A confederacy of supervillains has confirmed that the shutdown of the Gotham Police Department on Friday marks the last in a long series of non-Batman exercises that will culminate in their takeover of Gotham city.
On Monday, an alliance of devilish supervillains including the ‘Penguin’, ‘Poison Ivy’ and ‘Scarecrow’ held Gotham ransom with a purloined earthquake machine.
The group says that they are very happy with recent efforts to exploit public fears and expose humanity’s tendency for chaos beyond the thin veil of civility, but critics argue the victories may be short-lived given their inattention to Batman-related complications.
“Truly, every portion of the takeover has been taken into consideration and executed smoothly,” said The Penguin on behalf of the coalition.
The group’s demands included the shutdown of mun icipal operations, the closure of the Gotham Gazette, and the emptying of Arkham Asylum and Blackgate Penitentiary, the city’s infamous prison complex.
“But most importantly,” the Penguin stated, “we have yet to see any disruption to the plan from the so called ‘Batman’, and I can think of no reason to expect any. Our spectacular plan concludes tomorrow, at dawn and the results will be… shall we say… earth shattering.”
Some have been critical of the group’s past inability to deal with The Batman, pointing to every past scheme in which a promising run on Gotham city has been foiled in its final stages by The Dark Knight. Some experts believe that, although the Dark Knight has yet to disrupt the scheme, two knocked out henchmen and a smoke grenade deployed only blocks from the Alliance’s hideout indicate an imminent upswing in Batman-related complications.
In a recent statement to the press, the group was optimistic. “So far, the takeover has been an overwhelming success.

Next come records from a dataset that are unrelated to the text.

lemma mass_cutoff_set: "0 \<le> a \<Longrightarrow> cutoff_set a A \<Longrightarrow> mass f A = cdf (min a 1)"
  unfolding mass_def cdf_def by (rule integral_cutoff_set)

lemma no_breakeven_above_threshold:
  assumes "\<theta>0 < a" "cutoff_set a A"
  shows "profit f A (a - S) \<noteq> 0"
proof
  assume zero: "profit f A (a - S) = 0"
  have a: "0 \<le> a" using assms threshold by auto
  show False
  proof (cases "a < 1")
    case True
    then have "a - S = condE f {0..a}"
      using zero profit_cutoff_set[OF a assms(2)] cdf_pos[of a] a assms threshold
      by (auto simp: condE_initial field_simps)
    then show False using threshold_unique threshold assms(1) True by force
  next
    case False
    text \<open>Everybody sells, so the discount at 1 is at most S; it is S at \<theta>0 and monotone in
      between, which produces a second solution of x - S = condE f {0..x} below 1.\<close>
    have "cdf 1 = 1" using total_mass by (simp add: cdf_def)
    then have "condE f {0..1} = a - S"
      using zero profit_cutoff_set[OF a assms(2)] False by (simp add: condE_initial)
    then have discount_1: "1 - condE f {0..1} \<le> S" using False by simp
    define z where "z = (\<theta>0 + 1) / 2"
    have z: "\<theta>0 < z" "z < 1" using threshold unfolding z_def by auto
    have "\<theta>0 - condE f {0..\<theta>0} \<le> z - condE f {0..z}"
      by (rule discount_mono) (use z threshold in auto)
    moreover have "z - condE f {0..z} \<le> 1 - condE f {0..1}"
      by (rule discount_mono) (use z threshold in auto)
    ultimately have "z - S = condE f {0..z}" using discount_1 threshold(2) by simp
    then show False using threshold_unique z threshold by force
  qed
qed

lemma breakeven_at_threshold:
  assumes "cutoff_set \<theta>0 A"
  shows "profit f A (\<theta>0 - S) = 0" "0 < mass f A"
proof -
  have \<theta>0: "0 < \<theta>0" "min \<theta>0 1 = \<theta>0" using threshold by auto
  have "(\<theta>0 - S) * cdf \<theta>0 = moment \<theta>0"
    using threshold(2) cdf_pos[of \<theta>0] \<theta>0 threshold by (simp add: condE_initial field_simps)
  then show "profit f A (\<theta>0 - S) = 0"
    using profit_cutoff_set[OF _ assms, of "\<theta>0 - S"] \<theta>0 by simp
  show "0 < mass f A"
    using mass_cutoff_set[OF _ assms] cdf_pos[of \<theta>0] threshold \<theta>0 by simp
qed

end

locale secret_bailout = laissez_faire +
  fixes I pg \<delta> p1 :: real
    and c1 :: "real \<Rightarrow> real \<Rightarrow> choice"
    and s2 :: "choice \<Rightarrow> real \<Rightarrow> real \<Rightarrow> real \<Rightarrow> bool"
    and p2 :: "real \<Rightarrow> real"
  assumes funded: "I \<le> \<theta>0 - S"
    and bailout_above: "\<theta>0 - S < pg"
    and equilibrium: "secret_eq I S pg \<delta> f c1 s2 p1 p2"
begin

definition first_pay :: "choice \<Rightarrow> real \<Rightarrow> real \<Rightarrow> real" where
  "first_pay c q \<theta> = (case c of Gov \<Rightarrow> sale_pay I S pg | Mkt \<Rightarrow> sale_pay I S q | Keep \<Rightarrow> \<theta>)"

lemma second_period_rational:
  "\<theta> \<in> {0..1} \<Longrightarrow> (s2 c q p \<theta> \<longrightarrow> \<theta> \<le> sale_pay I S p) \<and> (\<not> s2 c q p \<theta> \<longrightarrow> sale_pay I S p \<le> \<theta>)"
  using equilibrium unfolding secret_eq_def by blast

lemma second_period_bertrand: "bertrand f (\<lambda>p. {\<theta>\<in>{0..1}. s2 (c1 q \<theta>) q p \<theta>}) (p2 q)"
  using equilibrium unfolding secret_eq_def by blast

The imprisonment of Commissioner Gordon, the looting of funds from the Gotham Bank, and the establishment of a kangaroo court run by Scarecrow are all indicators that everything will go according to plan.”

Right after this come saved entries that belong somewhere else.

lemma P_long_side:
  assumes u1: "octree_node m u1" "cbox lo hi \<in> P m u1"
    and u2: "octree_node m u2" "cbox lo hi \<in> P m u2" and lt: "fst u1 < fst u2"
  shows "\<exists>i. 2 ^ (m - fst u2) \<le> hi $ i - lo $ i"
proof -
  have k2: "1 \<le> fst u2" "fst u2 \<le> m" using lt u2(1) by (auto simp: octree_node_def)
  obtain c1 where c1: "c1 \<in> cell_corners m u1" "c1 \<in> cbox lo hi" using P_has_corner[OF u1(2)] by blast
  obtain c2 where c2: "c2 \<in> cell_corners m u2" "c2 \<in> cbox lo hi" using P_has_corner[OF u2(2)] by blast
  have "c2 \<notin> cell_corners m (parent u2)"
    using P_avoids_ancestor_corners[OF u2(2) proper_ancestor_parent[OF u2(1) k2(1)]] c2(2) by blast
  then obtain i t where t: "odd t" "c2 $ i = 2 ^ (m - fst u2) * real t"
    using cell_corner_odd_if_not_parent_corner[OF k2 c2(1)] by blast
  obtain p where p: "c1 $ i = 2 ^ (m - fst u2) * real (2 * p)"
    using cell_corner_even_multiple[OF c1(1) lt k2(2)] by blast
  have "2 ^ (m - fst u2) \<le> \<bar>c1 $ i - c2 $ i\<bar>"
    unfolding p t(2) by (rule odd_multiple_dist_even_multiple) (simp_all add: t(1))
  moreover have "lo $ i \<le> c1 $ i" "c1 $ i \<le> hi $ i" "lo $ i \<le> c2 $ i" "c2 $ i \<le> hi $ i"
    using c1(2) c2(2) by (auto simp: mem_box_cart)
  ultimately have "2 ^ (m - fst u2) \<le> hi $ i - lo $ i" by (simp add: abs_le_iff)
  then show ?thesis ..
qed

lemma P_levels_close:
  assumes \<alpha>: "\<alpha> \<ge> 1" "fat \<alpha> lo hi" and L: "2 * \<alpha> \<le> real L"
    and u1: "octree_node m u1" "cbox lo hi \<in> P m u1"
    and u2: "octree_node m u2" "cbox lo hi \<in> P m u2"
    and u3: "octree_node m u3" "cbox lo hi \<in> P m u3"
    and lt: "fst u1 < fst u2" and le: "fst u2 \<le> fst u3"
  shows "fst u3 < fst u2 + L"
proof -
  obtain i where i: "2 ^ (m - fst u2) \<le> hi $ i - lo $ i" using P_long_side[OF u1 u2 lt] by blast
  obtain j where j: "hi $ j - lo $ j < 2 * 2 ^ (m - fst u3)" using P_short_side[OF u3] lt le by auto
  have "(2::real) ^ (m - fst u2) = 2 ^ (fst u3 - fst u2) * 2 ^ (m - fst u3)"
    using le u3(1) by (simp add: octree_node_def flip: power_add)
  moreover have "(2::real) ^ (m - fst u2) < 2 * \<alpha> * 2 ^ (m - fst u3)"
  proof -
    have "hi $ i - lo $ i \<le> \<alpha> * (hi $ j - lo $ j)" using \<alpha>(2) by (simp add: fat_def)
    also have "\<dots> < \<alpha> * (2 * 2 ^ (m - fst u3))" using j \<alpha>(1) by simp
    finally show ?thesis using i by simp
  qed
  ultimately have "(2::real) ^ (fst u3 - fst u2) < 2 * \<alpha>" by simp
  also have "\<dots> \<le> real L" by (rule L)
  also have "\<dots> < 2 ^ L" by (rule of_nat_less_two_power)
  finally have "(2::real) ^ (fst u3 - fst u2) < 2 ^ L" .
  then show ?thesis using power_less_imp_less_exp[of "2::real"] by fastforce
qed

lemma card_P_levels:
  assumes "\<alpha> \<ge> 1" "fat \<alpha> lo hi" "2 * \<alpha> \<le> real L"
  shows "card (fst ` {u. octree_node m u \<and> cbox lo hi \<in> P m u}) \<le> L + 1"
    (is "card (fst ` ?S) \<le> _")
proof (rule card_le_if_clustered_above_Min)
  show "finite (fst ` ?S)"
    by (rule finite_subset[of _ "{..m}"]) (auto simp: octree_node_def)
  fix a b c assume "a \<in> fst ` ?S" "b \<in> fst ` ?S" "c \<in> fst ` ?S" "a < b" "b \<le> c"
  then obtain u1 u2 u3 where "u1 \<in> ?S" "u2 \<in> ?S" "u3 \<in> ?S" "a = fst u1" "b = fst u2" "c = fst u3"
    by blast
  then show "c < b + L"
    using P_levels_close[OF assms, of m u1 u2 u3] \<open>a < b\<close> \<open>b \<le> c\<close> by simp
qed

lemma P_sides_bounded_by_level:
  assumes \<alpha>: "\<alpha> \<ge> 1" "fat \<alpha> lo hi"
    and u: "octree_node m u" "cbox lo hi \<in> P m u" "1 \<le> fst u"
  shows "hi $ i - lo $ i < 2 * \<alpha> * 2 ^ (m - fst u)"
proof -
  obtain j where j: "hi $ j - lo $ j < 2 * 2 ^ (m - fst u)" using P_short_side[OF u] by blast
  have "hi $ i - lo $ i \<le> \<alpha> * (hi $ j - lo $ j)" using \<alpha>(2) by (simp add: fat_def)
  also have "\<dots> < \<alpha> * (2 * 2 ^ (m - fst u))" using j \<alpha>(1) by simp
  finally show ?thesis by simp
qed

lemma P_coord_in_window:
  assumes sides: "\<And>i. hi $ i - lo $ i < w * 2 ^ (m - k)" and N: "w + 1 \<le> real N"
    and u: "cbox lo hi \<in> P m u" "fst u = k"
  defines "x i \<equiv> lo $ i / 2 ^ (m - k) - 1"
  shows "snd u $ i \<in> {nat \<lceil>x i\<rceil>..<nat \<lceil>x i\<rceil> + N}"
proof (rule nat_in_window)
  define \<sigma> :: real where "\<sigma> = 2 ^ (m - k)"
  have "\<sigma> > 0" by (simp add: \<sigma>_def)
  obtain c where c: "c \<in> cell_corners m u" "c \<in> cbox lo hi" using P_has_corner[OF u(1)] by blast
  obtain t where t: "t \<in> {snd u $ i, snd u $ i + 1}" "c $ i = \<sigma> * real t"
    using cell_corner_nth[OF c(1), where i=i] u(2) by (auto simp: \<sigma>_def)
  have "\<sigma> * real (snd u $ i) \<le> c $ i" "c $ i \<le> \<sigma> * (real (snd u $ i) + 1)"
    using t \<open>\<sigma> > 0\<close> by auto
  moreover have "lo $ i \<le> c $ i" "c $ i \<le> hi $ i" using c(2) by (auto simp: mem_box_cart)
  moreover have "hi $ i - lo $ i < w * \<sigma>" using sides by (simp add: \<sigma>_def)
  ultimately have "lo $ i \<le> \<sigma> * (real (snd u $ i) + 1)" "\<sigma> * real (snd u $ i) < lo $ i + w * \<sigma>"
    by linarith+
  then have "lo $ i \<le> (real (snd u $ i) + 1) * \<sigma>" "(real (snd u $ i) - w) * \<sigma> < lo $ i"
    by (simp_all add: algebra_simps)
  then have "lo $ i / \<sigma> \<le> real (snd u $ i) + 1" "real (snd u $ i) - w < lo $ i / \<sigma>"
    by (simp_all only: pos_divide_le_eq[OF \<open>\<sigma> > 0\<close>] pos_less_divide_eq[OF \<open>\<sigma> > 0\<close>])
  then show "x i \<le> real (snd u $ i)" "real (snd u $ i) < x i + real N"
    using N by (simp_all add: x_def flip: \<sigma>_def)
qed

lemma card_P_level:
  assumes \<alpha>: "\<alpha> \<ge> 1" "fat \<alpha> lo hi" and N: "2 * \<alpha> + 1 \<le> real N"
  shows "card {u. octree_node m u \<and> cbox lo hi \<in> P m u \<and> fst u = k} \<le> N ^ 3"
    (is "card ?S \<le> _")
proof (cases "?S = {}")
  case False
  then obtain u0 where u0: "octree_node m u0" "cbox lo hi \<in> P m u0" "fst u0 = k" by blast
  show ?thesis
  proof (cases "k = 0")
    case True
    have "?S \<subseteq> {(0, 0)}"
      using True by (auto simp: octree_node_def vec_eq_iff)
    then have "card ?S \<le> 1" using card_mono[of "{(0::nat, 0::nat^3)}" ?S] by simp
    also have "1 \<le> N ^ 3" using N \<alpha>(1) by (intro one_le_power) linarith
    finally show ?thesis .
  next
    case False
    define x where "x i = lo $ i / 2 ^ (m - k) - 1" for i
    define W where "W i = {nat \<lceil>x i\<rceil>..<nat \<lceil>x i\<rceil> + N}" for i
    have sides: "hi $ i - lo $ i < 2 * \<alpha> * 2 ^ (m - k)" for i
      using P_sides_bounded_by_level[OF \<alpha> u0(1,2)] u0(3) False by simp
    have "?S \<subseteq> Pair k ` {j. \<forall>i. j $ i \<in> W i}"
    proof
      fix u assume "u \<in> ?S"
      then have "snd u $ i \<in> W i" "fst u = k" for i
        using P_coord_in_window[OF sides N] by (auto simp: W_def x_def)
      then show "u \<in> Pair k ` {j. \<forall>i. j $ i \<in> W i}"
        by (intro image_eqI[of _ _ "snd u"]) (auto simp: prod_eq_iff)
    qed
    moreover have "finite {j :: nat^3. \<forall>i. j $ i \<in> W i}"
      by (rule finite_vec_componentwise) (simp add: W_def)
    ultimately have "card ?S \<le> card {j :: nat^3. \<forall>i. j $ i \<in> W i}"
      by (meson card_image_le card_mono finite_imageI order_trans)
    also have "\<dots> = N ^ 3" unfolding card_vec_componentwise by (simp add: W_def)
    finally show ?thesis .
  qed
qed (metis card.empty le0)

theorem mainTheorem8:
  fixes \<alpha> :: real
  assumes "\<alpha> \<ge> 1"
  shows "\<exists>C::nat. \<forall>(m::nat) (lo::real^3) (hi::real^3).
           (\<forall>i. lo $ i \<in> \<int> \<and> hi $ i \<in> \<int> \<and> 0 \<le> lo $ i \<and> lo $ i \<le> hi $ i \<and> hi $ i \<le> 2 ^ m)
           \<and> fat \<alpha> lo hi
           \<longrightarrow> card {u. octree_node m u \<and> cbox lo hi \<in> P m u} \<le> C"
proof (intro exI allI impI)
  define L where "L = nat \<lceil>2 * \<alpha>\<rceil>"
  have L: "2 * \<alpha> \<le> real L" unfolding L_def by (rule real_nat_ceiling_ge)
  fix m lo hi
  assume "(\<forall>i. lo $ i \<in> \<int> \<and> hi $ i \<in> \<int> \<and> 0 \<le> lo $ i \<and> lo $ i \<le> hi $ i \<and> hi $ i \<le> 2 ^ m)
    \<and> fat \<alpha> lo hi"
  then have fat: "fat \<alpha> lo hi" by blast
  define S where "S = {u. octree_node m u \<and> cbox lo hi \<in> P m u}"
  have "card {u \<in> S. fst u = k} \<le> (L + 1) ^ 3" for k
    using card_P_level[OF assms fat, of "L + 1" m k] L by (simp add: S_def conj_assoc)
  then have "card S \<le> card (fst ` S) * (L + 1) ^ 3"
    by (intro card_le_card_image_mult) (auto simp: S_def octree_node_def intro: finite_subset[of _ "{..m}"])
  also have "\<dots> \<le> (L + 1) * (L + 1) ^ 3"
    using card_P_levels[OF assms fat L, of m] unfolding S_def by (rule mult_le_mono1)
  finally show "card {u. octree_node m u \<and> cbox lo hi \<in> P m u} \<le> (L + 1) * (L + 1) ^ 3"
    by (simp add: S_def)
qed

end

“We are fully aware that, for some, the question of Batman’s whereabouts and the associated risk of sabotage may be worrisome” said the group’s spokesperson, Poison Ivy. “But to be concerned is to get distracted from our successes in every non-Batman objective outlined in our manifesto. We understand that we have been blindsided by Batman in the past. But this time we have taken precautions. We have launched a city-wide grafitti and vandalism campaign, taken a sledgehammer to the city’s historic ‘Bat-signal’, and torn down the statue of Batman erected in city hall.”
“It’s crucial to remember the non-Batman progress we’ve made. At the end of the day, we have a city to terrorize. The better part of our militia has just left to enforce curfew, the moon is rising out, and a storm is on the horizon. These are all great signs. We can’t let our Batman anxieties dominate us forever. I think things are changing for us in the Batman department.”
At press time, Batman was seen punching henchmen on guard at the compound, while The Penguin watched via CCTV, furiously shouting “Impossible!”